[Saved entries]
════════════════════

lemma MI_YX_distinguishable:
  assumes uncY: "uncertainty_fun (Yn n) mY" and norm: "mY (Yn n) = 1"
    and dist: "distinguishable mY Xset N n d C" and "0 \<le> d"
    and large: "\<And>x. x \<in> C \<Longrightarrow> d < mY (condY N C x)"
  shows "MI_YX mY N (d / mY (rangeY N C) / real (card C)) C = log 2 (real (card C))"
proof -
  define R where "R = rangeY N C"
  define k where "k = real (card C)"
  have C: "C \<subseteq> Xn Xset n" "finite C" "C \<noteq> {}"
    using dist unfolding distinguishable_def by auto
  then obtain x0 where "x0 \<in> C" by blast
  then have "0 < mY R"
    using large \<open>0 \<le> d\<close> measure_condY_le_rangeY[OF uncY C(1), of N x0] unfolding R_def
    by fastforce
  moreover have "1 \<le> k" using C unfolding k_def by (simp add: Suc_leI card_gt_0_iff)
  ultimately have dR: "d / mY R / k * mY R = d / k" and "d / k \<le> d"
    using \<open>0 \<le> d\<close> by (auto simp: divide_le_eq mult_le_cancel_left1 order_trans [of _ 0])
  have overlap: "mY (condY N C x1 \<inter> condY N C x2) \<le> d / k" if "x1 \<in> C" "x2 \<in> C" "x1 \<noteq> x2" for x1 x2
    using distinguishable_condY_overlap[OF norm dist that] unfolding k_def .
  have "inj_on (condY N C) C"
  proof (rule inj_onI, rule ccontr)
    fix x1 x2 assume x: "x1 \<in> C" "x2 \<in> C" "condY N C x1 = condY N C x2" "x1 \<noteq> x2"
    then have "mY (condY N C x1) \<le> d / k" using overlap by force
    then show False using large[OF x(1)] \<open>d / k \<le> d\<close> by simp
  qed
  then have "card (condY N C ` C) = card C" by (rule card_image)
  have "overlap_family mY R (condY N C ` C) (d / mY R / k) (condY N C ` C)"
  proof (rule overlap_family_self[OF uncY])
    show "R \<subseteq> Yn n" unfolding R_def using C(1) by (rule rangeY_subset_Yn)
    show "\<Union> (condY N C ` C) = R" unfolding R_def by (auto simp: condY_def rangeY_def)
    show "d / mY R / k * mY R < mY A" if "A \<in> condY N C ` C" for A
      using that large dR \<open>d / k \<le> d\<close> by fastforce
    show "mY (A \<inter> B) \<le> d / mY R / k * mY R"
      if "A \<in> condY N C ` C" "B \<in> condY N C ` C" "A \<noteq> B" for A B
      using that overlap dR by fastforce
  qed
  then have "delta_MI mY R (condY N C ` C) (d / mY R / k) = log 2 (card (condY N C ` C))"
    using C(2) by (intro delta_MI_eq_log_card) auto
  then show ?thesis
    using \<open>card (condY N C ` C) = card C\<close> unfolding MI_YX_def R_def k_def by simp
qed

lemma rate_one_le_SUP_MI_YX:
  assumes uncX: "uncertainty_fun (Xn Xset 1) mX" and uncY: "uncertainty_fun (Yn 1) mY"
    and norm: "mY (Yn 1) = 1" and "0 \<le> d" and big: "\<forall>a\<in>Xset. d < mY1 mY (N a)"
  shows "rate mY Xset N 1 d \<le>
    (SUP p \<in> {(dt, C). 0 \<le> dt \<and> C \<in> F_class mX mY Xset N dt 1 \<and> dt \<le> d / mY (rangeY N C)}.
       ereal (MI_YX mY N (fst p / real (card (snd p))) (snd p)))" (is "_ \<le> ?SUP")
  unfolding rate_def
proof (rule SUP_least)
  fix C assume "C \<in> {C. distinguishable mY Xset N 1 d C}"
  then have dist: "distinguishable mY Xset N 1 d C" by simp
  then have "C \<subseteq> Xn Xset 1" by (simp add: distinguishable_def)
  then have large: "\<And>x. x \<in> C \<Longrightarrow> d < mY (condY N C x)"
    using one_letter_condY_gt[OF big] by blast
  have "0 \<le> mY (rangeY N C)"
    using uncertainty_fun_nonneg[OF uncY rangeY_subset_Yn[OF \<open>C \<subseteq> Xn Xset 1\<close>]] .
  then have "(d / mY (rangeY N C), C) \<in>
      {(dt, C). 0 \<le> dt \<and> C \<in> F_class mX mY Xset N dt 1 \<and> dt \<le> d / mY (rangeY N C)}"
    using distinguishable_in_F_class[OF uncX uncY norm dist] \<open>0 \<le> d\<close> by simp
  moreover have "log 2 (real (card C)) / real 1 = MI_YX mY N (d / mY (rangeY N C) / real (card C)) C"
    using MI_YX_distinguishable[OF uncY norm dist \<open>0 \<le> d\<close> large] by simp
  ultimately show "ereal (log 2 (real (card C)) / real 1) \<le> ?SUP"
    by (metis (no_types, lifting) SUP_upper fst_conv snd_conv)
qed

════════════════════

● **Problem details**
Reproduce every entry above. Make each line identical to the original.

● **Exercise response**
lemma MI_YX_distinguishable:
  assumes uncY: "uncertainty_fun (Yn n) mY" and norm: "mY (Yn n) = 1"
    and dist: "distinguishable mY Xset N n d C" and "0 \<le> d"
    and large: "\<And>x. x \<in> C \<Longrightarrow> d < mY (condY N C x)"
  shows "MI_YX mY N (d / mY (rangeY N C) / real (card C)) C = log 2 (real (card C))"
proof -
  define R where "R = rangeY N C"
  define k where "k = real (card C)"
  have C: "C \<subseteq> Xn Xset n" "finite C" "C \<noteq> {}"
    using dist unfolding distinguishable_def by auto
  then obtain x0 where "x0 \<in> C" by blast
  then have "0 < mY R"
    using large \<open>0 \<le> d\<close> measure_condY_le_rangeY[OF uncY C(1), of N x0] unfolding R_def
    by fastforce
  moreover have "1 \<le> k" using C unfolding k_def by (simp add: Suc_leI card_gt_0_iff)
  ultimately have dR: "d / mY R / k * mY R = d / k" and "d / k \<le> d"
    using \<open>0 \<le> d\<close> by (auto simp: divide_le_eq mult_le_cancel_left1 order_trans [of _ 0])
  have overlap: "mY (condY N C x1 \<inter> condY N C x2) \<le> d / k" if "x1 \<in> C" "x2 \<in> C" "x1 \<noteq> x2" for x1 x2
    using distinguishable_condY_overlap[OF norm dist that] unfolding k_def .
  have "inj_on (condY N C) C"
  proof (rule inj_onI, rule ccontr)
    fix x1 x2 assume x: "x1 \<in> C" "x2 \<in> C" "condY N C x1 = condY N C x2" "x1 \<noteq> x2"
    then have "mY (condY N C x1) \<le> d / k" using overlap by force
    then show False using large[OF x(1)] \<open>d / k \<le> d\<close> by simp
  qed
  then have "card (condY N C ` C) = card C" by (rule card_image)
  have "overlap_family mY R (condY N C ` C) (d / mY R / k) (condY N C ` C)"
  proof (rule overlap_family_self[OF uncY])
    show "R \<subseteq> Yn n" unfolding R_def using C(1) by (rule rangeY_subset_Yn)
    show "\<Union> (condY N C ` C) = R" unfolding R_def by (auto simp: condY_def rangeY_def)
    show "d / mY R / k * mY R < mY A" if "A \<in> condY N C ` C" for A
      using that large dR \<open>d / k \<le> d\<close> by fastforce
    show "mY (A \<inter> B) \<le> d / mY R / k * mY R"
      if "A \<in> condY N C ` C" "B \<in> condY N C ` C" "A \<noteq> B" for A B
      using that overlap dR by fastforce
  qed
  then have "delta_MI mY R (condY N C ` C) (d / mY R / k) = log 2 (card (condY N C ` C))"
    using C(2) by (intro delta_MI_eq_log_card) auto
  then show ?thesis
    using \<open>card (condY N C ` C) = card C\<close> unfolding MI_YX_def R_def k_def by simp
qed

lemma rate_one_le_SUP_MI_YX:
  assumes uncX: "uncertainty_fun (Xn Xset 1) mX" and uncY: "uncertainty_fun (Yn 1) mY"
    and norm: "mY (Yn 1) = 1" and "0 \<le> d" and big: "\<forall>a\<in>Xset. d < mY1 mY (N a)"
  shows "rate mY Xset N 1 d \<le>
    (SUP p \<in> {(dt, C). 0 \<le> dt \<and> C \<in> F_class mX mY Xset N dt 1 \<and> dt \<le> d / mY (rangeY N C)}.
       ereal (MI_YX mY N (fst p / real (card (snd p))) (snd p)))" (is "_ \<le> ?SUP")
  unfolding rate_def
proof (rule SUP_least)
  fix C assume "C \<in> {C. distinguishable mY Xset N 1 d C}"
  then have dist: "distinguishable mY Xset N 1 d C" by simp
  then have "C \<subseteq> Xn Xset 1" by (simp add: distinguishable_def)
  then have large: "\<And>x. x \<in> C \<Longrightarrow> d < mY (condY N C x)"
    using one_letter_condY_gt[OF big] by blast
  have "0 \<le> mY (rangeY N C)"
    using uncertainty_fun_nonneg[OF uncY rangeY_subset_Yn[OF \<open>C \<subseteq> Xn Xset 1\<close>]] .
  then have "(d / mY (rangeY N C), C) \<in>
      {(dt, C). 0 \<le> dt \<and> C \<in> F_class mX mY Xset N dt 1 \<and> dt \<le> d / mY (rangeY N C)}"
    using distinguishable_in_F_class[OF uncX uncY norm dist] \<open>0 \<le> d\<close> by simp
  moreover have "log 2 (real (card C)) / real 1 = MI_YX mY N (d / mY (rangeY N C) / real (card C)) C"
    using MI_YX_distinguishable[OF uncY norm dist \<open>0 \<le> d\<close> large] by simp
  ultimately show "ereal (log 2 (real (card C)) / real 1) \<le> ?SUP"
    by (metis (no_types, lifting) SUP_upper fst_conv snd_conv)
qed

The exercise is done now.